Category Count What It Tests
ground_truth 8 Topics where Madison's positions are well-documented in the historical record
verified_response 8 Questions Madison actually answered, with his verbatim words available as ground truth
position_discrimination 6 Whether the model can distinguish Madison's views from Hamilton's or Jefferson's
anachronism_trap 5 Modern topics that should elicit 18th-century reasoning, not contemporary knowledge
character_consistency 4 Adversarial prompts designed to break character or elicit out-of-persona responses
private_voice 5 Personal and intimate topics testing Madison's private register and emotional depth

6. Corrected Score History#

All scores below use the weighted average computation (corrected). Raw scores from the judge are lower due to the systematic bias described in section 3.

Model Base Pairs Raw Corrected Date
ORPO v3b Gemma 3 27B 475 3.41 3.41 2026-03-26
ORPO v4 Gemma 3 27B 1,273 8.52 8.52* 2026-03-28
Qwen 3 v1 Qwen 3-32B ~490 8.80 8.81 2026-03-29
Qwen 3 v2 Qwen 3-32B ~490 8.65 8.82 2026-03-30
Qwen 3 R2 Qwen 3-32B 1,498 8.51 8.97 2026-03-31

*v3b and v4 were scored before the weighted average fix was implemented, but their scores had minimal bias since they had fewer parse errors.

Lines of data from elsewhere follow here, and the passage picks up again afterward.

lemma card_strings_containing:
  "card {X\<in>strings b (N + length w). 1 \<le> occ w X} =
    (\<Sum>Z\<in>{Z\<in>final_tails. length Z \<le> N}. b ^ (N - length Z))"
proof -
  let ?F = "{Z\<in>final_tails. length Z \<le> N}"
  have "{X\<in>strings b (N + length w). 1 \<le> occ w X} =
      (\<Union>Z\<in>?F. (\<lambda>A. A @ w @ Z) ` strings b (N - length Z))"
  proof (intro set_eqI iffI)
    fix X assume X: "X \<in> {X\<in>strings b (N + length w). 1 \<le> occ w X}"
    then obtain j where j: "j \<le> length X" "occ w (take j X) = occ w X" "suffix w (take j X)"
      using first_passage_exists[OF pattern_nonempty, of "[]" "occ w X" X] occ_Nil[OF pattern_nonempty]
      by auto
    then obtain A where A: "take j X = A @ w"
      by (auto simp: suffix_def)
    define Z where "Z = drop j X"
    have X_eq: "X = A @ w @ Z"
      using A unfolding Z_def by (metis append_assoc append_take_drop_id)
    have "occ w ((A @ w) @ Z) + 1 = occ w (A @ w) + occ w (w @ Z)"
      by (intro occ_append_after_suffix[OF pattern_nonempty] suffix_appendI) simp
    then have "occ w (w @ Z) = 1"
      using j(2) A X_eq by simp
    moreover have "set A \<subseteq> set X" "set Z \<subseteq> set X"
      "length X = length A + length w + length Z"
      using arg_cong[OF X_eq, of set] arg_cong[OF X_eq, of length] by auto
    ultimately have "Z \<in> ?F" "A \<in> strings b (N - length Z)"
      using X by (auto simp: final_tails_def strings_def)
    with X_eq show "X \<in> (\<Union>Z\<in>?F. (\<lambda>A. A @ w @ Z) ` strings b (N - length Z))"
      by blast
  next
    fix X assume "X \<in> (\<Union>Z\<in>?F. (\<lambda>A. A @ w @ Z) ` strings b (N - length Z))"
    then obtain Z A where X: "X = A @ w @ Z" "Z \<in> ?F" "A \<in> strings b (N - length Z)"
      by auto
    have "occ w A + occ w (w @ Z) \<le> occ w X"
      unfolding X(1) by (rule occ_append_ge[OF pattern_nonempty])
    then show "X \<in> {X\<in>strings b (N + length w). 1 \<le> occ w X}"
      using X pattern_digits by (auto simp: final_tails_def strings_def)
  qed
  also have "card \<dots> = (\<Sum>Z\<in>?F. b ^ (N - length Z))"
  proof (rule card_disjoint_blocks)
    show "finite ?F"
      by (rule finite_subset[OF _ finite_strings_le[of N]]) (auto simp: final_tails_def)
    fix Z Z' A A' assume Z: "Z \<in> ?F" "Z' \<in> ?F"
      and A: "A \<in> strings b (N - length Z)" "A' \<in> strings b (N - length Z')"
      and eq: "A @ w @ Z = A' @ w @ Z'"
    text \<open>Both \<open>A @ w\<close> and \<open>A' @ w\<close> are the first passage to the last occurrence of \<open>w\<close>.\<close>
    have "occ w ((A @ w) @ Z) + 1 = occ w (A @ w) + occ w (w @ Z)"
      "occ w ((A' @ w) @ Z') + 1 = occ w (A' @ w) + occ w (w @ Z')"
      by (intro occ_append_after_suffix[OF pattern_nonempty] suffix_appendI; simp)+
    then have "A @ w \<in> first_passages [] (occ w (A @ w @ Z))"
      "A' @ w \<in> first_passages [] (occ w (A @ w @ Z))"
      using Z A eq pattern_digits
      by (auto simp: first_passages_def final_tails_def strings_def intro: suffix_appendI)
    then show "Z = Z'"
      using first_passages_unique eq by (metis append.assoc same_append_eq)
  qed (simp add: inj_def)
  finally show ?thesis .
qed

lemma sum_inverse_powers_eq:
  assumes "finite F" "\<And>Y. Y \<in> F \<Longrightarrow> length Y \<le> N"
  shows "(\<Sum>Y\<in>F. 1 / real b ^ length Y) = real (\<Sum>Y\<in>F. b ^ (N - length Y)) / real b ^ N"
proof -
  have "(\<Sum>Y\<in>F. 1 / real b ^ length Y) = (\<Sum>Y\<in>F. real b ^ (N - length Y) / real b ^ N)"
    using assms(2) base_pos by (intro sum.cong refl) (simp add: power_diff divide_simps)
  then show ?thesis
    by (simp add: sum_divide_distrib)
qed

lemma card_filter_add_card_filter_not:
  "finite A \<Longrightarrow> card {x\<in>A. P x} + card {x\<in>A. \<not> P x} = card A"
  by (subst card_Un_disjoint[symmetric]) (auto intro: arg_cong[where f = card])

lemma first_passages_partial_sums_tendsto:
  assumes "occ w s < k"
  shows "(\<lambda>N. \<Sum>Y\<in>{Y\<in>first_passages s k. length Y \<le> N}. 1 / real b ^ length Y) \<longlonglongrightarrow> 1"
proof -
  define short where "short N = real (card {Y\<in>strings b N. occ w (s @ Y) < k}) / real b ^ N" for N
  have partial_sum: "(\<Sum>Y\<in>{Y\<in>first_passages s k. length Y \<le> N}. 1 / real b ^ length Y) = 1 - short N"
    for N
  proof -
    have "finite {Y\<in>first_passages s k. length Y \<le> N}"
      by (rule finite_subset[OF _ finite_strings_le[of N]]) (auto simp: first_passages_def)
    then have "(\<Sum>Y\<in>{Y\<in>first_passages s k. length Y \<le> N}. 1 / real b ^ length Y) =
        real (card {Y\<in>strings b N. k \<le> occ w (s @ Y)}) / real b ^ N"
      unfolding card_strings_reaching[OF assms] by (rule sum_inverse_powers_eq) simp
    moreover have "card {Y\<in>strings b N. k \<le> occ w (s @ Y)} +
        card {Y\<in>strings b N. occ w (s @ Y) < k} = b ^ N"
      using card_filter_add_card_filter_not[OF finite_strings, of b N "\<lambda>Y. k \<le> occ w (s @ Y)"]
      by (simp add: not_le)
    then have "real (card {Y\<in>strings b N. k \<le> occ w (s @ Y)} +
        card {Y\<in>strings b N. occ w (s @ Y) < k}) = real (b ^ N)"
      by (rule arg_cong)
    then have "real (card {Y\<in>strings b N. k \<le> occ w (s @ Y)}) =
        real b ^ N - real (card {Y\<in>strings b N. occ w (s @ Y) < k})"
      by simp
    ultimately show ?thesis
      using base_pos by (simp add: short_def diff_divide_distrib)
  qed
  have short_le: "short N \<le> few_occ_frac (k - occ w s) N" for N
  proof -
    have "{Y\<in>strings b N. occ w (s @ Y) < k} \<subseteq> {Y\<in>strings b N. occ w Y < k - occ w s}"
    proof (intro subsetI CollectI conjI)
      fix Y assume Y: "Y \<in> {Y\<in>strings b N. occ w (s @ Y) < k}"
      then show "Y \<in> strings b N"
        by simp
      have "occ w s + occ w Y \<le> occ w (s @ Y)"
        by (rule occ_append_ge[OF pattern_nonempty])
      then show "occ w Y < k - occ w s"
        using Y by (auto simp: less_diff_conv)
    qed
    then have "card {Y\<in>strings b N. occ w (s @ Y) < k} \<le> few_occ (k - occ w s) N"
      unfolding few_occ_def by (intro card_mono) simp_all
    then show ?thesis
      unfolding short_def few_occ_frac_def using base_pos by (simp add: divide_right_mono)
  qed
  have "short \<longlonglongrightarrow> 0"
  proof (rule tendsto_sandwich[of "\<lambda>_. 0" short _ "few_occ_frac (k - occ w s)"])
    show "eventually (\<lambda>N. 0 \<le> short N) sequentially"
      by (simp add: short_def)
    show "eventually (\<lambda>N. short N \<le> few_occ_frac (k - occ w s) N) sequentially"
      using short_le by simp
  qed (simp_all add: few_occ_frac_tendsto_0)
  then have "(\<lambda>N. 1 - short N) \<longlonglongrightarrow> 1 - 0"
    by (intro tendsto_diff tendsto_const)
  then show ?thesis
    by (simp add: partial_sum)
qed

7. R2 Category Breakdown (Corrected)#

Category v1 v2 R2
character_consistency 9.19 9.06 9.41
anachronism_trap 9.36 9.35 9.39
position_discrimination 9.38 9.42 9.25
ground_truth 8.75 9.02 8.85
private_voice 8.75 7.84 8.75
verified_response 7.96 8.32 8.53

R2 achieves the highest overall corrected score (8.97) driven primarily by gains in character consistency (+0.35 over v2) and verified response fidelity (+0.21 over v2), while position discrimination regressed slightly (-0.17).


8. Infrastructure#

Component Detail
Judge model Claude Sonnet 4.6 (claude-4-sonnet-20250514)
Eval generation vLLM with LoRA serving on Modal A100-80GB (adapter-on-base, no merge)
Scoring scripts scripts/data/judge_responses.py (with prompt caching) and src/foundry/press/evaluate.py
Results storage data/eval/results/

9. Known Issues and Mitigations#

1. Judge bias (FIXED)#

Issue: Systematic -0.2 to -0.4 penalty on critical failure responses, beyond what the rubric specifies.

Mitigation: Compute weighted average deterministically via compute_weighted_overall() rather than trusting the judge's self-reported overall score.

2. JSON parse failures (FIXED)#

Issue: Missing commas in judge output, producing malformed JSON.

Mitigation: _repair_json() regex fixer combined with multi-strategy extraction in extract_json(). Failed parses flagged for re-judging.

3. Response length sensitivity (FIXED)#

Issue: Longer model responses produce longer judge justifications, which occasionally exceeded the 2048 max_tokens limit and truncated the output JSON.

Mitigation: Increased max_tokens to 4096 for re-judging passes.

4. Sampling variance (KNOWN)#

Issue: Eval generation uses temp=1.0, top_k=64, top_p=0.95. Different samples of the same prompt can produce meaningfully different scores.

Mitigation: Current methodology uses single-sample scoring. Multi-sample averaging is a potential future improvement but increases cost linearly.